In most countries, a UK driving licence is acceptable but you do need both parts. An International Driving Permit may be required for some locations. If you are unsure, check before you travel.

Be especially vigilant about parking restrictions – penalties can be severe.

Be alert to car crime…

  • Lock all doors and the boot when leaving the vehicle as well as closing windows and the sunroof.
  • Park in a well-lit place.
  • Avoid leaving possessions in an unattended vehicle. If you have to leave property, make sure it is in a locked boot but put it there before you park. In a hatchback, the rear shelf should be in position. In an estate car, cover up property with a sheet or blanket. Car hire insurance does not cover your possessions.
  • Take your keys with you at the petrol station when you go to pay.
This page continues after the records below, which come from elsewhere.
(* For $n\in\mathbb{N}$, $z(n)=f(n)+n$ if and only if $n=0$ or $n=\lfloor k\varphi^2\rfloor+1$ for some integer $k\ge1$, where $\varphi=(1+\sqrt5)/2$.
   Context: $\mathbb{N}=\{0,1,2,\dots\}$. The sequence $f:\mathbb{N}\to\mathbb{N}$ is defined greedily: $f(0)=0$, and for $n\ge1$, $f(n)$ is the least natural number such that (i) $f(n)\notin\{f(0),f(1),\dots,f(n-1)\}$ and (ii) $\sum_{1\le i\le n} f(i)$ is divisible by $n$. The sequence $z:\mathbb{N}\to\mathbb{N}$ is defined greedily: $z(0)=0$, and for $n\ge1$, $z(n)$ is the least natural number such that (i) $z(n)\notin\{z(0),\dots,z(n-1)\}$ and (ii) $\sum_{2\le i\le n} z(i)$ is divisible by $n+1$ (the empty sum being $0$). *)

theory Defs
  imports Complex_Main
begin

fun fpre :: "nat \<Rightarrow> nat list" where
  "fpre 0 = [0]"
| "fpre (Suc n) = (let xs = fpre n in
     xs @ [LEAST m. m \<notin> set xs \<and> Suc n dvd (sum_list (drop 1 xs) + m)])"

definition f :: "nat \<Rightarrow> nat" where
  "f n = last (fpre n)"

(* zpre n = [z 0, z 1, ..., z n]; condition: sum_{2<=i<=n+1} z(i) divisible by n+2,
   where the sum over 2..1 is empty *)
fun zpre :: "nat \<Rightarrow> nat list" where
  "zpre 0 = [0]"
| "zpre (Suc n) = (let xs = zpre n in
     xs @ [LEAST m. m \<notin> set xs \<and>
             (Suc n + 1) dvd (sum_list (drop 2 (xs @ [m])))])"

definition z :: "nat \<Rightarrow> nat" where
  "z n = last (zpre n)"

definition phi :: real where
  "phi = (1 + sqrt 5) / 2"

end

theory Submission
  imports Defs "HOL-Number_Theory.Fib"
begin

text \<open>
  Let \<open>q n = \<lfloor>n / \<phi>\<rfloor> = \<lfloor>n (\<phi> - 1)\<rfloor>\<close>. Both greedy sequences have closed forms in terms of \<open>q\<close>.
  If \<open>q\<close> jumps at \<open>n\<close>, i.e. \<open>q n = q (n - 1) + 1\<close>, then \<open>f n = q n + n\<close>, and otherwise
  \<open>f n = q n + 1\<close>. This map is an involution whose partial sums are \<open>n (q n + 1)\<close>; hence every value
  admissible at step \<open>n + 1\<close> is congruent to \<open>q n + 1\<close>, and the only such value below the closed form
  is already taken. The sequence \<open>z\<close> agrees with \<open>n \<mapsto> f (n + 1) - 1\<close> except at the Fibonacci numbers
  \<open>fib (2 j + 3)\<close> and their predecessors, where Cassini's identity gives
  \<open>q (fib (2 j + 3)) = fib (2 j + 2)\<close>; the same greedy argument applies, with partial sums
  \<open>(n + 1) q (n + 1)\<close> corrected by one just before such a Fibonacci number. Comparing the closed
  forms, \<open>z n = f n + n\<close> holds exactly when \<open>q\<close> does not jump at \<open>n\<close> but jumps at \<open>n + 1\<close>,
  and these \<open>n\<close> are the numbers \<open>\<lfloor>k \<phi>\<^sup>2\<rfloor> + 1\<close>.
\<close>

section \<open>The greedy step\<close>

text \<open>Every admissible \<open>m\<close> is nonzero and congruent to \<open>r\<close> modulo \<open>d\<close>, so none lies below \<open>r\<close>,
  and \<open>r\<close> itself is either \<open>v\<close> or taken.\<close>

lemma Least_fresh_dvd_eq:
  fixes A :: "nat set" and d s r v :: nat
  assumes "v \<notin> A" "d dvd s + v" and "0 \<in> A" "d dvd s + r" "r \<le> d"
    and "v = r \<or> (v = r + d \<and> r \<in> A)"
  shows "(LEAST m. m \<notin> A \<and> d dvd s + m) = v"
proof (rule Least_equality)
  fix y assume y: "y \<notin> A \<and> d dvd s + y"
  show "v \<le> y"
  proof (rule ccontr)
    assume "\<not> v \<le> y"
    have "int d dvd int (s + y) - int (s + r)"
      using y assms(4) by (simp only: of_nat_dvd_iff dvd_diff)
    then have dvd: "int d dvd int y - int r" by simp
    have "y \<noteq> 0" using y assms(3) by (cases y) auto
    have "v \<le> r + d" using assms(6) by auto
    have "y = r"
    proof (rule ccontr)
      assume "y \<noteq> r"
      then have "int d \<le> \<bar>int y - int r\<bar>" using dvd_imp_le_int[OF _ dvd] by simp
      then show False using \<open>\<not> v \<le> y\<close> \<open>y \<noteq> 0\<close> \<open>v \<le> r + d\<close> assms(5) by linarith
    qed
    then show False using \<open>\<not> v \<le> y\<close> y assms(6) by auto
  qed
qed (use assms in simp)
If you suffer a flat tyre, change to the spare and have the tyre repaired yourself. Tyres are not covered on hire car insurance and, unless you have taken out extra cover (see Questor), it’ll probably be cheaper to have it repaired at a local garage.

Please, please do not fill a diesel car with petrol or a petrol car with diesel. It’ll stop and it’ll cost you a fortune!
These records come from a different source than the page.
(* Let $n\ge d\ge 1$ and let $(A,C)$ be a strict nondegenerate HOON pair, with $A$ real $n\times n$ and $C$ real $d\times n$. If $(\tilde A,\tilde C)$ is a strict HOON pair that is equivalent to $(A,C)$, then $\tilde A=A$ and $\tilde C=C$.
   Context: $(A,C)$ is a HOON pair if $A$ is upper Hessenberg ($A_{i,j}=0$ for $i>j+1$), $C_{1,j}=0$ for $j>1$, and $A^{*}A=\mathbb{I}_n-C^{*}C$ (${}^*$ = transpose). It is nondegenerate if $|C_{1,1}|<1$, unreduced if $A_{i+1,i}\neq 0$ for $1\le i<n$ and $C_{1,1}\ne 0$, standard if $A_{i+1,i}\ge 0$ for $1\le i<n$ and $0\le C_{1,1}<1$, and strict if it is unreduced and standard. Two pairs are equivalent if $\tilde A=T^{-1}AT$ and $\tilde C=CT$ for some invertible real matrix $T$. *)

theory Defs
  imports "Jordan_Normal_Form.Matrix"
begin

(* Matrices are Jordan_Normal_Form matrices over the reals; indices are 0-based,
   so the paper's entry (i,j) is  M $$ (i-1, j-1). *)

definition hoon_pair :: "nat \<Rightarrow> nat \<Rightarrow> real mat \<Rightarrow> real mat \<Rightarrow> bool" where
  "hoon_pair n d A C \<longleftrightarrow>
     A \<in> carrier_mat n n \<and> C \<in> carrier_mat d n \<and>
     (\<forall>i<n. \<forall>j<n. i > j + 1 \<longrightarrow> A $$ (i, j) = 0) \<and>
     (\<forall>j<n. j > 0 \<longrightarrow> C $$ (0, j) = 0) \<and>
     transpose_mat A * A = 1\<^sub>m n - transpose_mat C * C"

definition hoon_nondegenerate :: "real mat \<Rightarrow> real mat \<Rightarrow> bool" where
  "hoon_nondegenerate A C \<longleftrightarrow> \<bar>C $$ (0, 0)\<bar> < 1"

definition hoon_unreduced :: "nat \<Rightarrow> real mat \<Rightarrow> real mat \<Rightarrow> bool" where
  "hoon_unreduced n A C \<longleftrightarrow> (\<forall>i. i + 1 < n \<longrightarrow> A $$ (i + 1, i) \<noteq> 0) \<and> C $$ (0, 0) \<noteq> 0"

definition hoon_standard :: "nat \<Rightarrow> real mat \<Rightarrow> real mat \<Rightarrow> bool" where
  "hoon_standard n A C \<longleftrightarrow> (\<forall>i. i + 1 < n \<longrightarrow> A $$ (i + 1, i) \<ge> 0) \<and>
                               0 \<le> C $$ (0, 0) \<and> C $$ (0, 0) < 1"

definition hoon_strict :: "nat \<Rightarrow> real mat \<Rightarrow> real mat \<Rightarrow> bool" where
  "hoon_strict n A C \<longleftrightarrow> hoon_unreduced n A C \<and> hoon_standard n A C"

definition hoon_equivalent :: "nat \<Rightarrow> real mat \<Rightarrow> real mat \<Rightarrow> real mat \<Rightarrow> real mat \<Rightarrow> bool" where
  "hoon_equivalent n A C A' C' \<longleftrightarrow>
     (\<exists>T Ti. T \<in> carrier_mat n n \<and> Ti \<in> carrier_mat n n \<and>
            T * Ti = 1\<^sub>m n \<and> Ti * T = 1\<^sub>m n \<and>
            A' = Ti * A * T \<and> C' = C * T)"

end

theory Submission
  imports Defs "Jordan_Normal_Form.Determinant" "HOL-Analysis.Convex"
begin

text \<open>For a strict pair \<open>A\<^sup>T A = 1 - C\<^sup>T C\<close> says that \<open>A\<close> lowers the squared norm by exactly
  \<open>\<parallel>C v\<parallel>\<^sup>2\<close>, and the unreduced Hessenberg shape makes the outputs \<open>C A\<^sup>k v\<close>, \<open>k < n\<close>, determine
  \<open>v\<close>; hence \<open>A\<^sup>n\<close> is a strict contraction. If \<open>T\<close> realises the equivalence, then
  \<open>\<parallel>T x\<parallel>\<^sup>2 - \<parallel>x\<parallel>\<^sup>2\<close> is invariant under \<open>A'\<close>, since both pairs lose the same output
  \<open>C T x = C' x\<close>; iterating the contraction \<open>A'\<^sup>n\<close> shows that it vanishes, so \<open>T\<close> is orthogonal.
  An orthogonal \<open>T\<close> with \<open>T A' = A T\<close> between Hessenberg matrices with positive subdiagonals,
  whose corner entry is fixed by the outputs, is the identity, column by column.\<close>

(* HOL-Analysis is imported for Cauchy_Schwarz_ineq_sum only; its inner-product notation would clash
   with the scalar product of vectors. *)
unbundle no inner_syntax

definition sq_norm :: "real vec \<Rightarrow> real" where
  "sq_norm v = v \<bullet> v"

lemma sq_norm_sum: "v \<in> carrier_vec n \<Longrightarrow> sq_norm v = (\<Sum>i<n. (v $ i)\<^sup>2)"
  by (auto simp: sq_norm_def scalar_prod_def power2_eq_square lessThan_atLeast0)

lemma sq_norm_nonneg: "0 \<le> sq_norm v"
  unfolding sq_norm_def scalar_prod_def by (intro sum_nonneg) auto

lemma sq_norm_eq_0_imp_zero:
  assumes v: "v \<in> carrier_vec n" and zero: "sq_norm v = 0"
  shows "v = 0\<^sub>v n"
proof (rule eq_vecI)
  have "(\<Sum>i<n. (v $ i)\<^sup>2) = 0"
    using zero sq_norm_sum[OF v] by simp
  then have "\<forall>i<n. (v $ i)\<^sup>2 = 0"
    by (subst (asm) sum_nonneg_eq_0_iff) auto
  then show "v $ i = 0\<^sub>v n $ i" if "i < dim_vec (0\<^sub>v n)" for i
    using that by auto
qed (use v in auto)

lemma sq_norm_smult_minus:
  assumes a: "a \<in> carrier_vec n" and b: "b \<in> carrier_vec n"
  shows "sq_norm (s \<cdot>\<^sub>v a - b) = s\<^sup>2 * sq_norm a - 2 * s * (a \<bullet> b) + sq_norm b"
proof -
  have "sq_norm (s \<cdot>\<^sub>v a - b) = (\<Sum>i<n. (s * a $ i - b $ i)\<^sup>2)"
    using a b by (subst sq_norm_sum[of _ n]) auto
  also have "\<dots> = (\<Sum>i<n. s\<^sup>2 * (a $ i)\<^sup>2 - 2 * s * (a $ i * b $ i) + (b $ i)\<^sup>2)"
    by (intro sum.cong) (auto simp: power2_eq_square algebra_simps)
  also have "\<dots> = s\<^sup>2 * sq_norm a - 2 * s * (a \<bullet> b) + sq_norm b"
    using a b by (simp add: sum.distrib sum_subtractf sum_distrib_left sq_norm_sum[of _ n]
        scalar_prod_def lessThan_atLeast0)
  finally show ?thesis .
qed

lemma sq_norm_unit_vec: "j < n \<Longrightarrow> sq_norm (unit_vec n j) = 1"
  unfolding sq_norm_def by simp

lemma sum_lessThan_single:
  fixes f :: "nat \<Rightarrow> 'a :: comm_monoid_add"
  assumes m: "m < n" and others: "\<And>k. k < n \<Longrightarrow> k \<noteq> m \<Longrightarrow> f k = 0"
  shows "(\<Sum>k<n. f k) = f m"
  using sum.mono_neutral_right[of "{..<n}" "{m}" f] m others by auto

definition frobenius_sq :: "real mat \<Rightarrow> real" where
  "frobenius_sq L = (\<Sum>i<dim_row L. \<Sum>j<dim_col L. (L $$ (i, j))\<^sup>2)"

lemma frobenius_sq_nonneg: "0 \<le> frobenius_sq L"
  unfolding frobenius_sq_def by (intro sum_nonneg) auto

lemma sq_norm_mult_vec_le:
  assumes L: "L \<in> carrier_mat m k" and v: "v \<in> carrier_vec k"
  shows "sq_norm (L *\<^sub>v v) \<le> frobenius_sq L * sq_norm v"
proof -
  have "sq_norm (L *\<^sub>v v) = (\<Sum>i<m. (\<Sum>j<k. L $$ (i, j) * v $ j)\<^sup>2)"
    using L v by (subst sq_norm_sum[of _ m])
      (auto intro!: sum.cong simp: scalar_prod_def lessThan_atLeast0)
  also have "\<dots> \<le> (\<Sum>i<m. (\<Sum>j<k. (L $$ (i, j))\<^sup>2) * (\<Sum>j<k. (v $ j)\<^sup>2))"
    by (intro sum_mono Cauchy_Schwarz_ineq_sum)
  also have "\<dots> = frobenius_sq L * sq_norm v"
    using L unfolding frobenius_sq_def sq_norm_sum[OF v] by (simp add: sum_distrib_right)
  finally show ?thesis .
qed

lemma mult_mat_vec_zero [simp]:
  "A \<in> carrier_mat m k \<Longrightarrow> A *\<^sub>v 0\<^sub>v k = (0\<^sub>v m :: 'a :: semiring_0 vec)"
  by (intro eq_vecI) auto

lemma transpose_mult_mult_vec_gram:
  fixes B D :: "real mat"
  assumes B: "B \<in> carrier_mat n n" and D: "D \<in> carrier_mat d n"
    and gram: "transpose_mat B * B = 1\<^sub>m n - transpose_mat D * D"
    and v: "v \<in> carrier_vec n"
  shows "transpose_mat B *\<^sub>v (B *\<^sub>v v) = v - transpose_mat D *\<^sub>v (D *\<^sub>v v)"
proof -
  have "transpose_mat B *\<^sub>v (B *\<^sub>v v) = (1\<^sub>m n - transpose_mat D * D) *\<^sub>v v"
    using B v by (simp flip: gram)
  also have "\<dots> = 1\<^sub>m n *\<^sub>v v - (transpose_mat D * D) *\<^sub>v v"
    by (rule minus_mult_distrib_mat_vec) (use D v in auto)
  finally show ?thesis
    using D v by auto
qed

lemma sq_norm_mult_vec_gram:
  fixes B D :: "real mat"
  assumes B: "B \<in> carrier_mat n n" and D: "D \<in> carrier_mat d n"
    and gram: "transpose_mat B * B = 1\<^sub>m n - transpose_mat D * D"
    and v: "v \<in> carrier_vec n"
  shows "sq_norm (B *\<^sub>v v) = sq_norm v - sq_norm (D *\<^sub>v v)"
proof -
  have "sq_norm (B *\<^sub>v v) = (transpose_mat B *\<^sub>v (B *\<^sub>v v)) \<bullet> v"
    unfolding sq_norm_def using transpose_vec_mult_scalar[OF B v, of "B *\<^sub>v v"] B v by simp
  also have "\<dots> = v \<bullet> v - (transpose_mat D *\<^sub>v (D *\<^sub>v v)) \<bullet> v"
    unfolding transpose_mult_mult_vec_gram[OF assms] using D v by (simp add: minus_scalar_prod_distrib)
  also have "(transpose_mat D *\<^sub>v (D *\<^sub>v v)) \<bullet> v = sq_norm (D *\<^sub>v v)"
    unfolding sq_norm_def using transpose_vec_mult_scalar[OF D v, of "D *\<^sub>v v"] D v by simp
  finally show ?thesis
    unfolding sq_norm_def .
qed

lemma pow_mat_Suc_mult_vec:
  fixes A :: "'a :: semiring_1 mat"
  assumes A: "A \<in> carrier_mat n n" and v: "v \<in> carrier_vec n"
  shows "(A ^\<^sub>m Suc k) *\<^sub>v v = A *\<^sub>v ((A ^\<^sub>m k) *\<^sub>v v)"
proof -
  have "A ^\<^sub>m Suc k = A * A ^\<^sub>m k"
    using A by (induct k) (auto simp: assoc_mult_mat[of _ n n _ n _ n])
  then show ?thesis
    by (metis A v assoc_mult_mat_vec pow_carrier_mat)
qed

lemma scalar_prod_gram_defect:
  fixes R :: "real mat"
  assumes R: "R \<in> carrier_mat n n" and x: "x \<in> carrier_vec n" and y: "y \<in> carrier_vec n"
  shows "x \<bullet> ((1\<^sub>m n - transpose_mat R * R) *\<^sub>v y) = x \<bullet> y - (R *\<^sub>v x) \<bullet> (R *\<^sub>v y)"
proof -
  have "(1\<^sub>m n - transpose_mat R * R) *\<^sub>v y = 1\<^sub>m n *\<^sub>v y - (transpose_mat R * R) *\<^sub>v y"
    by (rule minus_mult_distrib_mat_vec) (use R y in auto)
  also have "\<dots> = y - transpose_mat R *\<^sub>v (R *\<^sub>v y)"
    using R y by auto
  finally have "x \<bullet> ((1\<^sub>m n - transpose_mat R * R) *\<^sub>v y) = x \<bullet> y - x \<bullet> (transpose_mat R *\<^sub>v (R *\<^sub>v y))"
    using R x y by (simp add: scalar_prod_minus_distrib[of x n])
  also have "x \<bullet> (transpose_mat R *\<^sub>v (R *\<^sub>v y)) = (R *\<^sub>v x) \<bullet> (R *\<^sub>v y)"
    using transpose_vec_mult_scalar[OF R x, of "R *\<^sub>v y"] R x y
    by (simp add: comm_scalar_prod[of x n] comm_scalar_prod[of "R *\<^sub>v y" n])
  finally show ?thesis .
qed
Driving on the 'wrong' side of the road can be a nervous experience for first timers. However, a little concentration is all that’s required to adjust. The pedals are in the same place, just the gear lever and handbrake have moved! Don’t worry, you’re not the first person to get in the wrong side, reach over the wrong shoulder for your seatbelt, try to change gear with the door handle or – navigation assistants be aware – turn right when your map reader said left!

It may seem obvious, but other cars will overtake on the driver's side and, when you join a bigger road or motorway, you have to look out for the faster traffic on the driver's side. When you use a roundabout, you circulate anti-clockwise if driving on the right, clockwise if driving on the left giving priority to the traffic coming from the driver's side. Don’t worry, it sounds harder than it is. Relax and use your mirrors a lot.

You do need to concentrate on your driving for your entire holiday. Mistakes are often made after the first few days when you’ve started to relax. Be most aware when setting out for the day and when pulling out of a petrol station or car park.

Finally, enjoy your holiday car rental and let your hire car enhance your holiday experience.